►
lemma gstep_enabled_iff:
  assumes wf: "wf_gsys A G"
  shows "(\<exists>t. (a, t) \<in> gstep G f ts Ts) \<longleftrightarrow> (\<exists>\<xi> \<in> Rfa G f a. \<forall>\<pi> \<in> prems \<xi>. prem_holds Ts \<pi>)"
proof
  assume "\<exists>t. (a, t) \<in> gstep G f ts Ts"
  then obtain \<xi> \<sigma> where \<xi>: "\<xi> \<in> Rfa G f a"
    and pos: "\<forall>(i, c, y) \<in> g_pos \<xi>. (c, \<sigma> y) \<in> Ts ! i"
    and neg: "\<forall>(i, b) \<in> g_neg \<xi>. \<forall>u. (b, u) \<notin> Ts ! i"
    unfolding gstep_def Rfa_def by auto
  have "prem_holds Ts \<pi>" if "\<pi> \<in> prems \<xi>" for \<pi>
    using that pos neg by (cases \<pi>) (auto simp: prems_def)
  with \<xi> show "\<exists>\<xi> \<in> Rfa G f a. \<forall>\<pi> \<in> prems \<xi>. prem_holds Ts \<pi>" by blast
next
  assume "\<exists>\<xi> \<in> Rfa G f a. \<forall>\<pi> \<in> prems \<xi>. prem_holds Ts \<pi>"
  then obtain \<xi> where \<xi>: "\<xi> \<in> g_rules G" "g_op \<xi> = f" "g_act \<xi> = a"
    and holds: "\<And>\<pi>. \<pi> \<in> prems \<xi> \<Longrightarrow> prem_holds Ts \<pi>"
    unfolding Rfa_def by auto
  have neg: "\<forall>(i, b) \<in> g_neg \<xi>. \<forall>u. (b, u) \<notin> Ts ! i"
    using holds[of "PNeg _ _"] by (auto simp: prems_def)
  txt \<open>Each target variable y occurs in a single positive premise, so choosing a successor
    per variable is a consistent substitution.\<close>
  define \<sigma> where "\<sigma> y = (SOME u. \<exists>i c. (i, c, y) \<in> g_pos \<xi> \<and> (c, u) \<in> Ts ! i)" for y
  have "(c, \<sigma> y) \<in> Ts ! i" if icy: "(i, c, y) \<in> g_pos \<xi>" for i c y
  proof -
    have "\<exists>u. (c, u) \<in> Ts ! i"
      using holds[of "PPos i c y"] icy by (auto simp: prems_def)
    then have "\<exists>u i' c'. (i', c', y) \<in> g_pos \<xi> \<and> (c', u) \<in> Ts ! i'"
      using icy by blast
    from someI_ex[OF this] obtain i' c' where "(i', c', y) \<in> g_pos \<xi>" "(c', \<sigma> y) \<in> Ts ! i'"
      unfolding \<sigma>_def by blast
    then show ?thesis using wf_gsys_ruleD(3)[OF wf \<xi>(1) icy] by simp
  qed
  then have "(a, inst ts \<sigma> (g_tgt \<xi>)) \<in> gstep G f ts Ts"
    unfolding gstep_def using \<xi> neg by blast
  then show "\<exists>t. (a, t) \<in> gstep G f ts Ts" ..
qed
lemma pdhg_step_estimate:
  fixes Q :: "real^'n^'n" and K :: "real^'n^'m" and X :: "(real^'n) set" and Y :: "(real^'m) set"
  assumes "transpose Q = Q" "\<rho> \<ge> 0" "\<tau>1 > 0" "\<tau>2 > 0"
    and "\<tau>1 * \<tau>2 * (onorm (\<lambda>v. K *v v))\<^sup>2 \<le> 1/2" "4 * onorm (\<lambda>v. Q *v v) * \<tau>1 \<le> 1"
    and "convex X" "closed X" "x \<in> X" "convex Y" "closed Y" "y \<in> Y"
    and y': "y' = closest_point Y (y + \<tau>2 *\<^sub>R (K *v xb + r))"
    and x': "x' = closest_point X (x - \<tau>1 *\<^sub>R gradx Q c K \<rho> x y')"
  shows "(norm (x' - x))\<^sup>2 / \<tau>1 + (norm (y' - y))\<^sup>2 / \<tau>2
    \<le> 4 * (Lhat Q c K r \<rho> x y - Lhat Q c K r \<rho> x' y') + 8 * ((norm x)\<^sup>2 / \<tau>1)
      + 16 * (\<tau>2 * (norm r)\<^sup>2) + 2 * ((norm (xb - x))\<^sup>2 / \<tau>1) - 2 * ((norm (x' - x))\<^sup>2 / \<tau>1)"
proof -
  note K_bound = power2_norm_matrix_vector_le[OF assms(3-5)]
  have descent: "Lhat Q c K r \<rho> x' y' \<le> Lhat Q c K r \<rho> x y' - 3/4 * ((norm (x' - x))\<^sup>2 / \<tau>1)"
    using assms(1-3,6-9) x' by (rule Lhat_primal_descent)
  have ascent: "Lhat Q c K r \<rho> x y' \<le> Lhat Q c K r \<rho> x y
      + \<tau>2 * (norm (K *v x + r))\<^sup>2 + 1/4 * ((norm (y' - y))\<^sup>2 / \<tau>2)"
    using assms(4) by (rule Lhat_dual_ascent)
  have "\<tau>2 * (norm (K *v x + r))\<^sup>2 \<le> \<tau>2 * (2 * (norm (K *v x))\<^sup>2 + 2 * (norm r)\<^sup>2)"
    using assms(4) by (intro mult_left_mono power2_norm_add_le) simp
  then have coupling: "\<tau>2 * (norm (K *v x + r))\<^sup>2 \<le> (norm x)\<^sup>2 / \<tau>1 + 2 * (\<tau>2 * (norm r)\<^sup>2)"
    using K_bound[of x] by (simp add: algebra_simps)
  have "norm (y' - y) \<le> norm (\<tau>2 *\<^sub>R (K *v xb + r))"
    unfolding y' using assms(10-12) by (rule norm_closest_point_step_le)
  then have "(norm (y' - y))\<^sup>2 \<le> (\<tau>2 * norm (K *v xb + r))\<^sup>2"
    using assms(4) by (intro power_mono) simp_all
  moreover have "K *v xb + r = K *v (xb - x) + K *v x + r"
    by (simp flip: matrix_vector_right_distrib)
  ultimately have "(norm (y' - y))\<^sup>2 / \<tau>2 \<le> \<tau>2 * (norm (K *v (xb - x) + K *v x + r))\<^sup>2"
    using assms(4) by (simp add: field_simps power2_eq_square)
  also have "\<dots> \<le> \<tau>2 * (2 * (norm (K *v (xb - x)))\<^sup>2 + 4 * (norm (K *v x))\<^sup>2 + 4 * (norm r)\<^sup>2)"
    using assms(4) by (intro mult_left_mono power2_norm_add3_le) simp
  finally have dual_move: "(norm (y' - y))\<^sup>2 / \<tau>2
      \<le> (norm (xb - x))\<^sup>2 / \<tau>1 + 2 * ((norm x)\<^sup>2 / \<tau>1) + 4 * (\<tau>2 * (norm r)\<^sup>2)"
    using K_bound[of x] K_bound[of "xb - x"] by (simp add: algebra_simps)
  show ?thesis using descent ascent coupling dual_move by argo
qed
◄
» **Instructions for the task**: From the records above, return each line that includes "assumes".

» **Exercise output**:
  assumes wf: "wf_gsys A G"
  assumes "transpose Q = Q" "\<rho> \<ge> 0" "\<tau>1 > 0" "\<tau>2 > 0"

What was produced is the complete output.